The task: Copy out, word for word, the lines from the start of the data below through the line containing "using binomial_constants_le_power[OF \<open>t", and no others.

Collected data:
============================================================

lemma admissible_spread_parameterI:
  assumes "t \<le> q" and poly: "(2^(t+2) + 4*t + 9) * (q+1)^((t+1)*(t+1) + t) \<le> n"
    and exp: "2^(q+1-t) * (10 * (2*n+2)^(3*t)) \<le> 3^(q+1-t)"
  shows "admissible_spread_parameter n t q"
proof -
  have constraints: "2 * (((q + (q choose t) * q) choose (t+1)) * (q choose t)) + 4*t + 4*q + 5 \<le> n"
    using binomial_constants_le_power[OF \<open>t \<le> q\<close>] poly by (rule le_trans)
  have "(n+1)^t * (10 * (2*n)^t * (q choose t)) \<le> (2*n+2)^t * (10 * (2*n+2)^t * (2*n+2)^t)"
    using constraints binomial_le_power[of q t] power_mono[of q "2*n+2" t]
    by (intro mult_le_mono power_mono) auto
  also have "\<dots> = 10 * (2*n+2)^(3*t)"
    by (simp add: power_add[symmetric] algebra_simps mult_2)
  finally have "2^(q+1-t) * ((n+1)^t * (10 * (2*n)^t * (q choose t))) \<le> 3^(q+1-t)"
    using exp le_trans mult_le_mono2 by blast
  then show ?thesis
    using \<open>t \<le> q\<close> constraints unfolding admissible_spread_parameter_def by (simp add: mult.assoc)
qed

text \<open>Take \<open>q + 1 - t\<close> as large as the polynomial constraint \<open>c (q + 1)^D \<le> n\<close> allows;
  then \<open>n\<close> is polynomial in \<open>q\<close>, so \<open>3^(q+1-t)\<close> beats the polynomial factors.\<close>

lemma eventually_admissible_spread_parameter: "\<exists>n0. \<forall>n\<ge>n0. \<exists>q. admissible_spread_parameter n t q"
proof -
  define D where "D = (t+1)*(t+1) + t"
  define c where "c = 2^(t+2) + 4*t + 9"
  define g where "g k = c * (k + t)^D" for k
  obtain k0 where k0: "\<And>k. k \<ge> k0 \<Longrightarrow> 10 * (4*c)^(3*t) * (k + (t+1))^(D*(3*t)) * 2^k \<le> (3::nat)^k"
    using eventually_exp_dominates by blast
  have g_ge: "k \<le> g k" for k
  proof (cases "k = 0")
    case False
    then have "k + t \<le> (k + t)^D"
      unfolding D_def by (intro self_le_power) auto
    moreover have "(k + t)^D \<le> c * (k + t)^D"
      unfolding c_def by simp
    ultimately show ?thesis
      unfolding g_def by linarith
  qed simp
  have "\<exists>q. admissible_spread_parameter n t q" if "g (Suc k0) \<le> n" for n
  proof -
    define K where "K = {k. g k \<le> n}"
    have "finite K"
      using g_ge by (intro finite_subset[of K "{..n}"]) (auto simp: K_def intro: le_trans)
    define k where "k = Max K"
    have "Suc k0 \<in> K"
      using that unfolding K_def by simp
    then have "Suc k0 \<le> k" "g k \<le> n"
      using Max_in[OF \<open>finite K\<close>] Max_ge[OF \<open>finite K\<close>] unfolding k_def K_def by auto
    have "Suc k \<notin> K"
      using Max_ge[OF \<open>finite K\<close>, of "Suc k"] unfolding k_def by auto
    then have "n < g (Suc k)"
      unfolding K_def by simp
    have "2^k * (10 * (2*n+2)^(3*t)) \<le> 2^k * (10 * (4 * (c * (k + (t+1))^D))^(3*t))"
      using \<open>n < g (Suc k)\<close> unfolding g_def by (intro mult_le_mono2 power_mono) simp_all
    also have "\<dots> = 10 * (4*c)^(3*t) * (k + (t+1))^(D*(3*t)) * 2^k"
      by (simp add: power_mult_distrib power_mult)
    also have "\<dots> \<le> 3^k"
      using k0 \<open>Suc k0 \<le> k\<close> by simp
    finally have "2^k * (10 * (2*n+2)^(3*t)) \<le> 3^k" .
    moreover have "t \<le> k + t - 1" "k + t - 1 + 1 = k + t"
      using \<open>Suc k0 \<le> k\<close> by auto
    ultimately show ?thesis
      using \<open>g k \<le> n\<close> unfolding g_def c_def D_def
      by (intro exI[of _ "k + t - 1"] admissible_spread_parameterI) simp_all
  qed
  then show ?thesis
    by blast
qed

============================================================

Response:
lemma admissible_spread_parameterI:
  assumes "t \<le> q" and poly: "(2^(t+2) + 4*t + 9) * (q+1)^((t+1)*(t+1) + t) \<le> n"
    and exp: "2^(q+1-t) * (10 * (2*n+2)^(3*t)) \<le> 3^(q+1-t)"
  shows "admissible_spread_parameter n t q"
proof -
  have constraints: "2 * (((q + (q choose t) * q) choose (t+1)) * (q choose t)) + 4*t + 4*q + 5 \<le> n"
    using binomial_constants_le_power[OF \<open>t \<le> q\<close>] poly by (rule le_trans)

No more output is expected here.